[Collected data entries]
Content starts

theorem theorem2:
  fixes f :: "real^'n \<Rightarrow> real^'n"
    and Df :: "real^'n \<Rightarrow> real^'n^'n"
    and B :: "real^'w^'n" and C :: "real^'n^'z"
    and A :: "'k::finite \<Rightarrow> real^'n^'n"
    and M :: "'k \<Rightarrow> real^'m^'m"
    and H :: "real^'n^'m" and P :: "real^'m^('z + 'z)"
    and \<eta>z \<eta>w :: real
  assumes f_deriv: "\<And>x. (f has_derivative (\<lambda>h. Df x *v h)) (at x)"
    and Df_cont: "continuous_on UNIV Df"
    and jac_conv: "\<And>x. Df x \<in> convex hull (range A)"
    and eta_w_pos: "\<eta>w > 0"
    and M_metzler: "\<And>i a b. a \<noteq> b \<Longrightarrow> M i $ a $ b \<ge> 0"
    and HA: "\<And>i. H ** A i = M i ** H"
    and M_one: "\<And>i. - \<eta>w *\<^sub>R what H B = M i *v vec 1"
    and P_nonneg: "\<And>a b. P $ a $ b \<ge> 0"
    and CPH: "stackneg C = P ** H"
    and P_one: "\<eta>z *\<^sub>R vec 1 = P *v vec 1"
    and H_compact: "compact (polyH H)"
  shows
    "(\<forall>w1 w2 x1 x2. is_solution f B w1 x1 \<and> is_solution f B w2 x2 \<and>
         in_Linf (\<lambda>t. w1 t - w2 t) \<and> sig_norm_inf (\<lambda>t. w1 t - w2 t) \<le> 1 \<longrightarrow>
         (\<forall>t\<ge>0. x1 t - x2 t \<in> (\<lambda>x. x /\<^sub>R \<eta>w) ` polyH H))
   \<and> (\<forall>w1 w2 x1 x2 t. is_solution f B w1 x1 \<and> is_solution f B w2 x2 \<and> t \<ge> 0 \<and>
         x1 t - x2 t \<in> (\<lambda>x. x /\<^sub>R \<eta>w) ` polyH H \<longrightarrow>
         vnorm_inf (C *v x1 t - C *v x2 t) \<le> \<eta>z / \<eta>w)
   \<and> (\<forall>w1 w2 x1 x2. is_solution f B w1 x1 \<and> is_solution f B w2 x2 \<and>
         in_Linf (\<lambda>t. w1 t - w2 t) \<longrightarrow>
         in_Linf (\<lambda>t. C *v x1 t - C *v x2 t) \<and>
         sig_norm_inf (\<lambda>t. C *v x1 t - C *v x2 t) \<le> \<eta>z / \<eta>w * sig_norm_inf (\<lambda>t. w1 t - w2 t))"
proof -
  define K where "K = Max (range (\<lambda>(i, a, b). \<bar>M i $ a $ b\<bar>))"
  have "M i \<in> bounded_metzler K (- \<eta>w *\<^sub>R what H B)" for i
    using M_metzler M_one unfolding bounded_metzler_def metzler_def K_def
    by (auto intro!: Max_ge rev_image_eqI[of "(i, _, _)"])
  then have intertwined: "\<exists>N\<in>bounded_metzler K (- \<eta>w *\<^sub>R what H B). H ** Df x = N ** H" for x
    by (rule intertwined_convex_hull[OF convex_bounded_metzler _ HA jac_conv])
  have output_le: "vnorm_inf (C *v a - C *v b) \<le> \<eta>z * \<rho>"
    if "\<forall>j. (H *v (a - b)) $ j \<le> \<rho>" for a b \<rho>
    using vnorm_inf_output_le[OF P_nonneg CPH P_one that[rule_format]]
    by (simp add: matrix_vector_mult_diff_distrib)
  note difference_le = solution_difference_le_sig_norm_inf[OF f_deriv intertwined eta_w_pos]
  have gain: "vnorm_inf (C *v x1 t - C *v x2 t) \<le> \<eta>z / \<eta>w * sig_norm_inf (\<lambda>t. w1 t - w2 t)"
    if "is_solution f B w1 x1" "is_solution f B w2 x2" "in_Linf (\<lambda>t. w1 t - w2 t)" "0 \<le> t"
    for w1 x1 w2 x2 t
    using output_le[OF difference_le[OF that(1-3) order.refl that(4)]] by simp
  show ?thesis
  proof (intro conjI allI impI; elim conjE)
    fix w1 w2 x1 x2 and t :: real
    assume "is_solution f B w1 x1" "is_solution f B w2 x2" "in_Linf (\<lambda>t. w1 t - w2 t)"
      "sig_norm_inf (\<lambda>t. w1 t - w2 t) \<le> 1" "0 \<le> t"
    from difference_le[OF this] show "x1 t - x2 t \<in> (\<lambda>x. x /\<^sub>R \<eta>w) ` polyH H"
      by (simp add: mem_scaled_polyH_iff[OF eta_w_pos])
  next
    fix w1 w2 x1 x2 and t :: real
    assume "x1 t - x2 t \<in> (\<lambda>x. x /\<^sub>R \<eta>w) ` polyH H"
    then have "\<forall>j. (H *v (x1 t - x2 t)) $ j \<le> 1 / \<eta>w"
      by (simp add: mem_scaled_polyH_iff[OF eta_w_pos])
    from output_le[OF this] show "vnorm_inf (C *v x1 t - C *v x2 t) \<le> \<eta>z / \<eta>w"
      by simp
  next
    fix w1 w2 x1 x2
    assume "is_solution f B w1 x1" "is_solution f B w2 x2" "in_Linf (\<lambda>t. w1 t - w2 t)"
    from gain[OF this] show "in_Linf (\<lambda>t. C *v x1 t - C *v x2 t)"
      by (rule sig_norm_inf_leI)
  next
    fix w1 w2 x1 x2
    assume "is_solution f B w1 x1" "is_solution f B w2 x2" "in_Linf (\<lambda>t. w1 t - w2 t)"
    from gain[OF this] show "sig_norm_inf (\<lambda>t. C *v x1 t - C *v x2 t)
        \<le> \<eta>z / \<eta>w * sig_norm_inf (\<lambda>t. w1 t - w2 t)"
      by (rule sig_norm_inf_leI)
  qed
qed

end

Content ends

§ **PROBLEM DETAILS**
From the records above, extract exactly and only the lines that begin at the line with "and \<eta>z \<eta>w :: real" and stop after the line with "in_Linf (\<lambda>t. w1 t - w2 t) \<longrightarrow>".

§ **SOLUTION FOR THIS EXERCISE**
    and \<eta>z \<eta>w :: real
  assumes f_deriv: "\<And>x. (f has_derivative (\<lambda>h. Df x *v h)) (at x)"
    and Df_cont: "continuous_on UNIV Df"
    and jac_conv: "\<And>x. Df x \<in> convex hull (range A)"
    and eta_w_pos: "\<eta>w > 0"
    and M_metzler: "\<And>i a b. a \<noteq> b \<Longrightarrow> M i $ a $ b \<ge> 0"
    and HA: "\<And>i. H ** A i = M i ** H"
    and M_one: "\<And>i. - \<eta>w *\<^sub>R what H B = M i *v vec 1"
    and P_nonneg: "\<And>a b. P $ a $ b \<ge> 0"
    and CPH: "stackneg C = P ** H"
    and P_one: "\<eta>z *\<^sub>R vec 1 = P *v vec 1"
    and H_compact: "compact (polyH H)"
  shows
    "(\<forall>w1 w2 x1 x2. is_solution f B w1 x1 \<and> is_solution f B w2 x2 \<and>
         in_Linf (\<lambda>t. w1 t - w2 t) \<and> sig_norm_inf (\<lambda>t. w1 t - w2 t) \<le> 1 \<longrightarrow>
         (\<forall>t\<ge>0. x1 t - x2 t \<in> (\<lambda>x. x /\<^sub>R \<eta>w) ` polyH H))
   \<and> (\<forall>w1 w2 x1 x2 t. is_solution f B w1 x1 \<and> is_solution f B w2 x2 \<and> t \<ge> 0 \<and>
         x1 t - x2 t \<in> (\<lambda>x. x /\<^sub>R \<eta>w) ` polyH H \<longrightarrow>
         vnorm_inf (C *v x1 t - C *v x2 t) \<le> \<eta>z / \<eta>w)
   \<and> (\<forall>w1 w2 x1 x2. is_solution f B w1 x1 \<and> is_solution f B w2 x2 \<and>
         in_Linf (\<lambda>t. w1 t - w2 t) \<longrightarrow>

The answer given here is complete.